Original wallpaper “Night” was accepted to “Printfest,” International Print Center, group exhibition in fall, 2019. Thereafter her focus shifted to wood which she pursued at the Bentwood Studio in Carmel, New York.  A hand carved bowl made from koa and a mobile were Mary’s contributions to the graduate student group exhibition “Absence and Presence” in September, 2019. Her solo thesis exhibition “Dancing in the Dark”, in March 2020, examined the interplay between the movement of large-scale mobiles and the shadows they cast. Just as objects are accompanied by shadows, so also our lives move between joyfulness and loss, birth and death.

“Confetti” builds on these themes. Confetti is the chaotic expression at celebrations, in which tiny pieces of paper, petals, seeds and grain are thrown. We experience abandon as they shower us with color and sometimes meaning as at a wedding, where they may symbolize good fortune, happiness and fertility. The show offers viewers a moment of escape, refuge and peace in a world which is so often stressful and anxiety provoking.

Mary is most influenced by the writing of Drs. Bernie Siegel and Elizabeth Kübler-Ross who recognized the influence of beliefs in medicine, as I do in art. My work reflects my faith in God, the greatest artist of all. She invites you to this exhibit with gratitude to past mentors Timothy Clark, Knox Martin, Tom Thayer and Ernie Palmieri.

"Creature of Habit" acrylic paintings by Stephanie Fiorino

“Creature of Habit” acrylic paintings by Stephanie Fiorino

Monday, April 1st through – April 29th

Reception: Saturday, April 6th from 2pm-4pm

Stephanie Fiorino was an art major at Manhattanville College- her main medium being photography. She works in the Bronx in a NYC public elementary school and has been teaching visual art for 14 years. She had 4 students’ work exhibited in the PS Art citywide exhibition at the Metropolitan Museum of art and 6 in the Bronx Borough arts festival at Lehman College Gallery.

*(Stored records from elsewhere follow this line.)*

(* Let $r\in\mathbb{Z}_{\ge0}$. Every character $\chi$ of $T$ of true depth $r$ is of the form $\chi=(\phi\circ\mathrm{det})\otimes\chi'$, where $\phi$ is a character of $E^1$ and $\chi'$ is a character of $T$ of minimal depth $r$.
   Context: Let $F$ be a non-archimedean local field with odd residual characteristic, ring of integers $\mathcal{O}_F$, maximal ideal $\mathfrak{p}_F$. Fix a non-square $\epsilon\in\mathcal{O}_F^\times$, $E=F[\sqrt\epsilon]$ with ring of integers $\mathcal{O}_E$, maximal ideal $\mathfrak{p}_E$; $\overline{x}$ is Galois conjugation; $E^1=\{x\in E^\times: x\overline x=1\}$. $G=\{g\in\mathrm{GL}_2(E):\overline{g}^{\top}\mathrm{w}g=\mathrm{w}\}$, $\mathrm{w}=\begin{pmatrix}0&1\\1&0\end{pmatrix}$; $\det(G)\subseteq E^1$. $T=\{t(a)=\mathrm{diag}(a,\overline a^{-1}):a\in E^\times\}$, $T_0=\{t(a):a\in\mathcal{O}_E^\times\}$, $T_n=\{t(a):a\in1+\mathfrak{p}_E^n\}$ ($n\ge1$); $S=\{\mathrm{diag}(a,a^{-1}):a\in F^\times\}$, $S_0$ ($a\in\mathcal{O}_F^\times$), $S_n$ ($a\in1+\mathfrak{p}_F^n$). A character $\chi$ of $T$ has depth $r\in\mathbb{Z}_{\ge0}$ if $\chi|_{T_r}\neq\mathbbm{1}$ and $\chi|_{T_{r+1}}=\mathbbm{1}$; a character trivial on $T_0$ is also said to have depth $0$. The true depth of $\chi$ is the depth of $\chi|_S$ (defined analogously with $S_n$). $\chi$ has minimal depth $r$ if its depth and true depth both equal $r$. *)

theory Defs
  imports Complex_Main
begin

(* v is the normalized valuation on F^x; its value at 0 is irrelevant. *)
definition pF :: "('a::field \<Rightarrow> int) \<Rightarrow> int \<Rightarrow> 'a set" where
  "pF v k = {x. x = 0 \<or> k \<le> v x}"   (* p_F^k ; pF v 0 = O_F *)

definition nonarch_local_field :: "('a::field \<Rightarrow> int) \<Rightarrow> bool" where
  "nonarch_local_field v \<longleftrightarrow>
     (\<forall>x y. x \<noteq> 0 \<longrightarrow> y \<noteq> 0 \<longrightarrow> v (x * y) = v x + v y) \<and>
     (\<forall>x y. x \<noteq> 0 \<longrightarrow> y \<noteq> 0 \<longrightarrow> x + y \<noteq> 0 \<longrightarrow> min (v x) (v y) \<le> v (x + y)) \<and>
     (\<exists>\<pi>. \<pi> \<noteq> 0 \<and> v \<pi> = 1) \<and>
     (\<exists>R. finite R \<and> R \<subseteq> pF v 0 \<and> (\<forall>x\<in>pF v 0. \<exists>r\<in>R. x - r \<in> pF v 1)) \<and>
     (\<forall>s::nat \<Rightarrow> 'a. (\<forall>k. \<exists>N. \<forall>m\<ge>N. \<forall>n\<ge>N. s m - s n \<in> pF v k) \<longrightarrow>
          (\<exists>L. \<forall>k. \<exists>N. \<forall>n\<ge>N. s n - L \<in> pF v k))"

(* odd residual characteristic: 2 is a unit of O_F *)
definition odd_residual_char :: "('a::field \<Rightarrow> int) \<Rightarrow> bool" where
  "odd_residual_char v \<longleftrightarrow> (2::'a) \<noteq> 0 \<and> v 2 = 0"

section \<open>E = F[sqrt eps], elements (x,y) standing for x + y sqrt eps\<close>

definition emult :: "'a::field \<Rightarrow> 'a \<times> 'a \<Rightarrow> 'a \<times> 'a \<Rightarrow> 'a \<times> 'a" where
  "emult eps z w = (fst z * fst w + eps * snd z * snd w, fst z * snd w + snd z * fst w)"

During the pandemic the school lost one of their assistant principals to Covid. Stephanie led a team to paint a mural in her memory that is on display in the school. During the process she found herself challenged and enjoyed painting sea animals with texture- February 2023 Stephanie lost her mother and found having a side project this summer kept her mind busy and was a channel for healing- She chose to ask her immediate family what their favorite animals were and then challenged herself to paint them in a large-scale format with lots of attention to texture. Stephanie also enjoyed making an abstract background with Klimt like patterns and colors. She found that removing the choice of which animals to paint created an exciting challenge. The first two paintings were a Great Horned Owl for her son and a Rabbit for her husband.

Stephanie is hard of hearing and uses ASL and English. “I believe art is a universal language”. She currently resides in Rye Brook with her husband Sam and her son, Myles.